definition is_norm :: "('a::real_vector \<Rightarrow> real) \<Rightarrow> bool" where
  "is_norm nrm \<longleftrightarrow>
     (\<forall>x. 0 \<le> nrm x) \<and> (\<forall>x. nrm x = 0 \<longleftrightarrow> x = 0) \<and>
     (\<forall>c x. nrm (c *\<^sub>R x) = \<bar>c\<bar> * nrm x) \<and>
     (\<forall>x y. nrm (x + y) \<le> nrm x + nrm y)"

definition dual_norm :: "('a::real_inner \<Rightarrow> real) \<Rightarrow> 'a \<Rightarrow> real" where
  "dual_norm nrm z = Sup {z \<bullet> \<xi> | \<xi>. nrm \<xi> \<le> 1}"

definition G_fun :: "('x \<Rightarrow> 'a::real_inner \<Rightarrow> real) \<Rightarrow> 'a set \<Rightarrow> 'a \<Rightarrow> real \<Rightarrow> 'x \<Rightarrow> ereal" where
  "G_fun f \<Xi> z \<alpha> x = (SUP \<xi>\<in>\<Xi>. ereal (z \<bullet> \<xi> - \<alpha> * f x \<xi>))"

definition Z_C2 ::
  "real \<Rightarrow> real \<Rightarrow> nat \<Rightarrow> nat \<Rightarrow> (nat \<Rightarrow> real^'n \<Rightarrow> real^'m \<Rightarrow> real) \<Rightarrow> (real^'m) set
    \<Rightarrow> (nat \<Rightarrow> real^'m) \<Rightarrow> (real^'m \<Rightarrow> real) \<Rightarrow> (real^'n) set" where
  "Z_C2 \<epsilon> \<delta> N T f \<Xi> \<zeta> nrm =
     {x. \<exists>(lam::real) (\<alpha>::nat \<Rightarrow> real) (s::nat \<Rightarrow> real) (z::nat \<Rightarrow> nat \<Rightarrow> real^'m).
        0 \<le> lam \<and> (\<forall>t\<in>{1..T}. 0 \<le> \<alpha> t) \<and> (\<forall>i\<in>{1..N}. 0 \<le> s i) \<and>
        lam * \<delta> + (1 / real N) * (\<Sum>i=1..N. s i) \<le> \<epsilon> \<and>
        (\<forall>i\<in>{1..N}. \<forall>t\<in>{1..T}.
            G_fun (f t) \<Xi> (z i t) (\<alpha> t) x + ereal (1 - z i t \<bullet> \<zeta> i - s i) \<le> 0 \<and>
            dual_norm nrm (z i t) \<le> lam)}"

definition Z_C2_tilde ::
  "real \<Rightarrow> real \<Rightarrow> nat \<Rightarrow> nat \<Rightarrow> (nat \<Rightarrow> real^'n \<Rightarrow> real^'m \<Rightarrow> real) \<Rightarrow> (real^'m) set
    \<Rightarrow> (nat \<Rightarrow> real^'m) \<Rightarrow> (real^'m \<Rightarrow> real) \<Rightarrow> (real^'n) set" where
  "Z_C2_tilde \<epsilon> \<delta> N T f \<Xi> \<zeta> nrm =
     {x. \<exists>(\<alpha>::nat \<Rightarrow> real) (q::nat \<Rightarrow> nat \<Rightarrow> real) (v::nat \<Rightarrow> nat \<Rightarrow> real^'m).
        (\<forall>t\<in>{1..T}. 0 < \<alpha> t) \<and> (\<forall>i\<in>{1..N}. \<forall>t\<in>{1..T}. 0 \<le> q i t) \<and>
        (\<forall>i\<in>{1..N}. \<forall>t\<in>{1..T}.
            dual_norm nrm (v i t) * \<delta> + (1 / real N) * (\<Sum>j=1..N. q j t) \<le> \<epsilon> * \<alpha> t \<and>
            G_fun (f t) \<Xi> (v i t) 1 x + ereal (\<alpha> t - v i t \<bullet> \<zeta> i - q i t) \<le> 0)}"
locale cond_distr_kernel = prob_space M
  for M :: "'a measure" and G :: "'a measure" and N :: "'b measure"
    and X :: "'a \<Rightarrow> 'b" and K :: "'a \<Rightarrow> 'b measure" +
  assumes subalg: "subalgebra M G"
    and measurable_X: "X \<in> M \<rightarrow>\<^sub>M N"
    and kernel: "K \<in> G \<rightarrow>\<^sub>M prob_algebra N"
    and cond_law: "\<And>C B. C \<in> sets G \<Longrightarrow> B \<in> sets N \<Longrightarrow>
        measure M (C \<inter> {\<omega> \<in> space M. X \<omega> \<in> B}) = (\<integral>\<omega>. indicator C \<omega> * measure (K \<omega>) B \<partial>M)"
begin

lemma space_G: "space G = space M"
  using subalg by (simp add: subalgebra_def)

lemma prob_space_kernel: "\<omega> \<in> space M \<Longrightarrow> prob_space (K \<omega>)"
  using measurable_space[OF kernel] by (simp add: space_G space_prob_algebra)

lemma sets_kernel: "\<omega> \<in> space M \<Longrightarrow> sets (K \<omega>) = sets N"
  using measurable_space[OF kernel] by (simp add: space_G space_prob_algebra)

lemma emeasure_kernel_eq_measure: "\<omega> \<in> space M \<Longrightarrow> emeasure (K \<omega>) A = measure (K \<omega>) A"
proof -
  assume "\<omega> \<in> space M"
  then interpret K\<omega>: prob_space "K \<omega>"
    by (rule prob_space_kernel)
  show ?thesis
    by (rule K\<omega>.emeasure_eq_measure)
qed
lemma sym_mat_eq_0_if_quadratic_form_0:
  assumes "sym_mat M" "\<And>u. u \<bullet> (M *v u) = 0"
  shows "M = 0"
proof -
  have "u \<bullet> (M *v w) = 0" for u w
  proof -
    have "(u + w) \<bullet> (M *v (u + w)) = 0" by (rule assms(2))
    then have "u \<bullet> (M *v w) + w \<bullet> (M *v u) = 0"
      using assms(2) by (simp add: matrix_vector_right_distrib inner_add_left inner_add_right)
    moreover have "w \<bullet> (M *v u) = u \<bullet> (M *v w)"
      using sym_mat_inner_commute[OF assms(1)] by (simp add: inner_commute)
    ultimately show ?thesis by simp
  qed
  then have "M *v w = 0" for w by (metis inner_eq_zero_iff)
  then show ?thesis by (metis matrix_eq matrix_vector_mult_0)
qed

lemma linear_coeff_eq_0_if_quadratic_nonpos:
  fixes a c :: real
  assumes "\<And>t. 2 * t * a + t\<^sup>2 * c \<le> 0"
  shows "a = 0"
proof -
  define k where "k = 1 + \<bar>c\<bar>"
  have k: "k > 0" "2 * k + c > 0" unfolding k_def by (auto simp: abs_if)
  have "(2 * (a / k) * a + (a / k)\<^sup>2 * c) * k\<^sup>2 = a\<^sup>2 * (2 * k + c)"
    using k by (simp add: field_simps power2_eq_square)
  moreover have "(2 * (a / k) * a + (a / k)\<^sup>2 * c) * k\<^sup>2 \<le> 0"
    using assms[of "a / k"] by (simp add: mult_nonpos_nonneg)
  ultimately have "a\<^sup>2 \<le> 0" using k(2) by (metis mult_le_0_iff not_le power2_less_0)
  then show ?thesis by simp
qed
lemma additive_frag_cmul_frag_of:
  fixes B :: "real \<Rightarrow> real \<Rightarrow> 'a::ab_group_add"
  assumes B: "biadditive B" and \<Psi>: "additive \<Psi>" and gen: "\<And>x y. \<Psi> (frag_of (x, y)) = B x y"
  shows "\<Psi> (frag_cmul k (frag_of (x, y))) = B (of_int k * x) y"
    and "\<Psi> (frag_cmul k (frag_of (x, y))) = B x (of_int k * y)"
proof -
  have \<Psi>_k: "additive (\<lambda>k. \<Psi> (frag_cmul k (frag_of (x, y))))"
    by unfold_locales (simp add: frag_cmul_distrib additive.add[OF \<Psi>])
  have left: "additive (\<lambda>k. B (of_int k * x) y)" and right: "additive (\<lambda>k. B x (of_int k * y))"
    by unfold_locales (simp_all add: distrib_right biadditive_add_left[OF B] biadditive_add_right[OF B])
  show "\<Psi> (frag_cmul k (frag_of (x, y))) = B (of_int k * x) y"
    using additive_int_eqI[OF \<Psi>_k left] gen by simp
  show "\<Psi> (frag_cmul k (frag_of (x, y))) = B x (of_int k * y)"
    using additive_int_eqI[OF \<Psi>_k right] gen by simp
qed

(* The carrier of a presented abelian group, made into a type of class ab_group_add, so that
   additive maps out of it are available with the type-class library. *)
locale presented_ab_group_type =
  fixes S :: "'c set" and R :: "('c \<Rightarrow>\<^sub>0 int) set"
    and Rep :: "'v::ab_group_add \<Rightarrow> ('c \<Rightarrow>\<^sub>0 int) set" and Abs :: "('c \<Rightarrow>\<^sub>0 int) set \<Rightarrow> 'v"
  assumes relators_in_carrier: "R \<subseteq> carrier (free_Abelian_group S)"
    and type_definition: "type_definition Rep Abs (carrier (presented_ab_group S R))"
    and Rep_add: "Rep (x + y) = Rep x \<otimes>\<^bsub>presented_ab_group S R\<^esub> Rep y"
begin

interpretation G: comm_group "presented_ab_group S R"
  by (rule comm_group_presented_ab_group[OF relators_in_carrier])

lemma Rep_in_carrier: "Rep v \<in> carrier (presented_ab_group S R)"
  using type_definition.Rep[OF type_definition] .

lemma Rep_inject: "Rep v = Rep w \<longleftrightarrow> v = w"
  using type_definition.Rep_inject[OF type_definition] .

lemma Rep_zero: "Rep 0 = \<one>\<^bsub>presented_ab_group S R\<^esub>"
  using Rep_add[of 0 0] G.l_cancel_one'[OF Rep_in_carrier Rep_in_carrier] by simp

lemma Abs_mult:
  "X \<in> carrier (presented_ab_group S R) \<Longrightarrow> Y \<in> carrier (presented_ab_group S R) \<Longrightarrow>
    Abs (X \<otimes>\<^bsub>presented_ab_group S R\<^esub> Y) = Abs X + Abs Y"
  using Rep_add[of "Abs X" "Abs Y"] type_definition.Abs_inverse[OF type_definition]
    type_definition.Rep_inverse[OF type_definition] by metis

definition proj :: "('c \<Rightarrow>\<^sub>0 int) \<Rightarrow> 'v" where
  "proj z = Abs (pclass S R z)"

lemma Rep_proj: "Poly_Mapping.keys z \<subseteq> S \<Longrightarrow> Rep (proj z) = pclass S R z"
  unfolding proj_def carrier_presented_ab_group
  by (rule type_definition.Abs_inverse[OF type_definition]) (simp add: carrier_presented_ab_group)

lemma proj_add:
  "Poly_Mapping.keys x \<subseteq> S \<Longrightarrow> Poly_Mapping.keys y \<subseteq> S \<Longrightarrow> proj (x + y) = proj x + proj y"
  by (simp add: Rep_inject[symmetric] Rep_add Rep_proj pclass_mult[OF relators_in_carrier] keys_add_subset)

lemma proj_diff:
  "Poly_Mapping.keys x \<subseteq> S \<Longrightarrow> Poly_Mapping.keys y \<subseteq> S \<Longrightarrow> proj (x - y) = proj x - proj y"
  using proj_add[of "x - y" y] by (simp add: keys_diff_subset eq_diff_eq)

lemma proj_eq_0_iff:
  "Poly_Mapping.keys x \<subseteq> S \<Longrightarrow> proj x = 0 \<longleftrightarrow> x \<in> generate (free_Abelian_group S) R"
  by (simp add: Rep_inject[symmetric] Rep_zero Rep_proj pclass_eq_one_iff[OF relators_in_carrier])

═══

REQUIRED WORK: Output the lines above exactly, but only those between the line holding "interpretation G: comm_group" and the line holding "type_definition.Rep_inverse[OF type_definition] by", inclusive.

EXERCISE RESPONSE:
interpretation G: comm_group "presented_ab_group S R"
  by (rule comm_group_presented_ab_group[OF relators_in_carrier])

lemma Rep_in_carrier: "Rep v \<in> carrier (presented_ab_group S R)"
  using type_definition.Rep[OF type_definition] .

lemma Rep_inject: "Rep v = Rep w \<longleftrightarrow> v = w"
  using type_definition.Rep_inject[OF type_definition] .

lemma Rep_zero: "Rep 0 = \<one>\<^bsub>presented_ab_group S R\<^esub>"
  using Rep_add[of 0 0] G.l_cancel_one'[OF Rep_in_carrier Rep_in_carrier] by simp

lemma Abs_mult:
  "X \<in> carrier (presented_ab_group S R) \<Longrightarrow> Y \<in> carrier (presented_ab_group S R) \<Longrightarrow>
    Abs (X \<otimes>\<^bsub>presented_ab_group S R\<^esub> Y) = Abs X + Abs Y"
  using Rep_add[of "Abs X" "Abs Y"] type_definition.Abs_inverse[OF type_definition]
    type_definition.Rep_inverse[OF type_definition] by metis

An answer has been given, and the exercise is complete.